Please find every line in the records below that contains the word "rule", and copy it.

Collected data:
──────────

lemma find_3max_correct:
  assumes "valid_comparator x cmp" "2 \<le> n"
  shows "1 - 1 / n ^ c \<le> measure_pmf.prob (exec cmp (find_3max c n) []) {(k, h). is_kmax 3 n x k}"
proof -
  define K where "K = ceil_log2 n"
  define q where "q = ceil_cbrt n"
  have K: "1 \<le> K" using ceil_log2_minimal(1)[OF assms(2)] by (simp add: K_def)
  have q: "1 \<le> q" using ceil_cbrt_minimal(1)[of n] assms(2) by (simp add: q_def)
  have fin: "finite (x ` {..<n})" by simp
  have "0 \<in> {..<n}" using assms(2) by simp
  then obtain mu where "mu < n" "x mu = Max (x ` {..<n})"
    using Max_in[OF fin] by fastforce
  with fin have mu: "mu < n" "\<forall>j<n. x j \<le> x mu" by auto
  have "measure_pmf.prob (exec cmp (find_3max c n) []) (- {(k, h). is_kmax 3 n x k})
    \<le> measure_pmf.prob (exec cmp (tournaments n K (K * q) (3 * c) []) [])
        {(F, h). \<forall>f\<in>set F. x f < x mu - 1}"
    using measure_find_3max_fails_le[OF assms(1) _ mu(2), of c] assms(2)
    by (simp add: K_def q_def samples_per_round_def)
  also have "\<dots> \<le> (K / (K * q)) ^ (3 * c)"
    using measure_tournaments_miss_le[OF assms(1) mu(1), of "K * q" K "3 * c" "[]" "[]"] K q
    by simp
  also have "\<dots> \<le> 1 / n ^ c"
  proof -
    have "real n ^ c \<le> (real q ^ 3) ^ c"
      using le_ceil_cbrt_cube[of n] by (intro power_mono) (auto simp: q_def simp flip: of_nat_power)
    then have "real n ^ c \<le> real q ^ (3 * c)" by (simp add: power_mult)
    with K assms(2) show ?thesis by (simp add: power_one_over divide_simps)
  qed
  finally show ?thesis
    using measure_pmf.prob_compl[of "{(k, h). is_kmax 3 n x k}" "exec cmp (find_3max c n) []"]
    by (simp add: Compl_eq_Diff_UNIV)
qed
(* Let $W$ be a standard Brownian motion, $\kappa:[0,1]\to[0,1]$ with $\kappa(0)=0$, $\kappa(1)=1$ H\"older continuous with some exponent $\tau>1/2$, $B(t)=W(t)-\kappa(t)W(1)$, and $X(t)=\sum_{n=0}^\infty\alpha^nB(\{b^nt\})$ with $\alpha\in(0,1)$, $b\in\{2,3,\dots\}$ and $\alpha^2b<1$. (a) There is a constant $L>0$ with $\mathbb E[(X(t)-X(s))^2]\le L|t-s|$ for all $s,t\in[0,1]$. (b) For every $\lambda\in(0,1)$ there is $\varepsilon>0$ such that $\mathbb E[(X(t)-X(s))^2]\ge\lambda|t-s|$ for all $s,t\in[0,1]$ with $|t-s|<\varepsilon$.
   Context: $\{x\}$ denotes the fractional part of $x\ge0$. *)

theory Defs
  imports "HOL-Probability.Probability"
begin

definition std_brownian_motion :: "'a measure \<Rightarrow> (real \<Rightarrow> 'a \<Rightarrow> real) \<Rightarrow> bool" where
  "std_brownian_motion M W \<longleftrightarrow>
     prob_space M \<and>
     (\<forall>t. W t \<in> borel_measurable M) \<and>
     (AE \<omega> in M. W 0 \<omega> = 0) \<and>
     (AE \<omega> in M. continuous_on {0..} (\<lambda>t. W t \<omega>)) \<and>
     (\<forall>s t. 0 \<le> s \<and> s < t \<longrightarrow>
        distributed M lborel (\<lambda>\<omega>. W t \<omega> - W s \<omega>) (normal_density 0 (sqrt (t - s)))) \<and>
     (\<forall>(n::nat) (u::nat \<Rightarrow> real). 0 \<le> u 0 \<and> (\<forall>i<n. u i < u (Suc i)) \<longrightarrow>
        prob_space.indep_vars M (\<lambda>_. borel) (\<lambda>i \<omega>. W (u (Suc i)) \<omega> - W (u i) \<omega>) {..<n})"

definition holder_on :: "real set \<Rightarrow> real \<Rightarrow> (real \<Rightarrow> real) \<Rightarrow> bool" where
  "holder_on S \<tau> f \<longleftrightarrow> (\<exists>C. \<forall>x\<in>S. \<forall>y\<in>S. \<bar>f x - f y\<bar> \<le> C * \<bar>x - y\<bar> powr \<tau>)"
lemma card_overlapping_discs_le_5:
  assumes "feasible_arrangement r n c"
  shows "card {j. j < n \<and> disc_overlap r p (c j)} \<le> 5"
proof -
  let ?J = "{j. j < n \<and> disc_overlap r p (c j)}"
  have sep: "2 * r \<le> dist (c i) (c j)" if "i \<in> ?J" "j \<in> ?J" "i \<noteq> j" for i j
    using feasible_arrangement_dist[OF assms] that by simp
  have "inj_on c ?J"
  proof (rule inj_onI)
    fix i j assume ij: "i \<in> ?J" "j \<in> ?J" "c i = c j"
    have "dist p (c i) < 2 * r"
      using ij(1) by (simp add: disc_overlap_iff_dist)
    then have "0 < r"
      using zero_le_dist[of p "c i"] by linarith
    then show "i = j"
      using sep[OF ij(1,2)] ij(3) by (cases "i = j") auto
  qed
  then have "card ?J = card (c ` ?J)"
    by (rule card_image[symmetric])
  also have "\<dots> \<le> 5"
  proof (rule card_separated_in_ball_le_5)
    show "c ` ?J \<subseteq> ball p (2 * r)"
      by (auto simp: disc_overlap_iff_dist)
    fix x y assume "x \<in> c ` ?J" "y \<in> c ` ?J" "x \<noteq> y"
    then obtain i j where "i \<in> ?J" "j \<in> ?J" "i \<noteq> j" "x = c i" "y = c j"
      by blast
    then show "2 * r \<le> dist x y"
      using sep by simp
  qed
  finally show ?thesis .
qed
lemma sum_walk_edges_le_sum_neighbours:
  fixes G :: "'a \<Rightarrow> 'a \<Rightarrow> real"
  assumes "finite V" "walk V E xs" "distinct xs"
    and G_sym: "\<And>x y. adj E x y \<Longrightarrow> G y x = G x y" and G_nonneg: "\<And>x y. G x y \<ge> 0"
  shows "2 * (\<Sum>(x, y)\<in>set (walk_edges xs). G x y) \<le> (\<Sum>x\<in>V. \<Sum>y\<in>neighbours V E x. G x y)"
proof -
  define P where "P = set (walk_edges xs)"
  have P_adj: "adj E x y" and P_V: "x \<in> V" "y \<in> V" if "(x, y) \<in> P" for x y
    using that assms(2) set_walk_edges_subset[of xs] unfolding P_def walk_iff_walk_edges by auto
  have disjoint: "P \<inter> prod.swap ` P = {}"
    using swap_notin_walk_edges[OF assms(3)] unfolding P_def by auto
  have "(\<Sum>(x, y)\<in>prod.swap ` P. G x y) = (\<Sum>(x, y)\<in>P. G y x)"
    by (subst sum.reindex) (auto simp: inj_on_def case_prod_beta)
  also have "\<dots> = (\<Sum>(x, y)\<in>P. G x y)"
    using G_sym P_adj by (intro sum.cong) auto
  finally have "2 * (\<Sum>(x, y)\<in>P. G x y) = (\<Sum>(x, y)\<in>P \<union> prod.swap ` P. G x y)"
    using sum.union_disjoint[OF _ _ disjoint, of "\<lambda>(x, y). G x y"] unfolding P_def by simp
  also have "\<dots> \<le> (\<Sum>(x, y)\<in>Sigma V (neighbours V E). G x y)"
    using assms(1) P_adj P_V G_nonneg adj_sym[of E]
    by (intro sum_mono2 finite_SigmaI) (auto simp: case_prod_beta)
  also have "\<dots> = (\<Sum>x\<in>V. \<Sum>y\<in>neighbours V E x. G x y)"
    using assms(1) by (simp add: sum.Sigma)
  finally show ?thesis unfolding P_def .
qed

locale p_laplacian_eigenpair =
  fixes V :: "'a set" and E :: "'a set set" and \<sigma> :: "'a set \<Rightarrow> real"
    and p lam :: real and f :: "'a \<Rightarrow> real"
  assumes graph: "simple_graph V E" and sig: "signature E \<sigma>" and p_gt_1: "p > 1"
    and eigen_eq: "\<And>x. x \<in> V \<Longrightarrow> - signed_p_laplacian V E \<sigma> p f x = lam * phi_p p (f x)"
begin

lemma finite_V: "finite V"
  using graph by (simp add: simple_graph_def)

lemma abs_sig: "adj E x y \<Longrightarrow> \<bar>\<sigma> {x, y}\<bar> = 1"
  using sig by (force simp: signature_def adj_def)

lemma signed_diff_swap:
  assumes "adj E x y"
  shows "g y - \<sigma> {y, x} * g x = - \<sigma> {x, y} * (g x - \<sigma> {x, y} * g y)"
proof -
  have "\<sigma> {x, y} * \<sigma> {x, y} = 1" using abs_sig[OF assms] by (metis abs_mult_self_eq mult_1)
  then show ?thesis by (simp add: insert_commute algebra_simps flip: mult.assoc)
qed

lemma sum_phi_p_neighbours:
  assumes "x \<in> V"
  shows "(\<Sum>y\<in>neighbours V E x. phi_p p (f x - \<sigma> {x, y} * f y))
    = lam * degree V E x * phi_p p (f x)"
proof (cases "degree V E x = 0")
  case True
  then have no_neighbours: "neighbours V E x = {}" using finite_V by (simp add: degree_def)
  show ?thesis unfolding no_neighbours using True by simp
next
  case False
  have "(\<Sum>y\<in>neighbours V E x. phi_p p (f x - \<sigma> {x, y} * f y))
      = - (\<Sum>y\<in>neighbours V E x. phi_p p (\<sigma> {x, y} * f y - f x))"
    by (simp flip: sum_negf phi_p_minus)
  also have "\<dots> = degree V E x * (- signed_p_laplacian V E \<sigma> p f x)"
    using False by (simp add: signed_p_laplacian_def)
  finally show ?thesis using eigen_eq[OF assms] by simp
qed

──────────

_Result of this exercise_
  proof (rule inj_onI)
    by (rule card_image[symmetric])
  proof (rule card_separated_in_ball_le_5)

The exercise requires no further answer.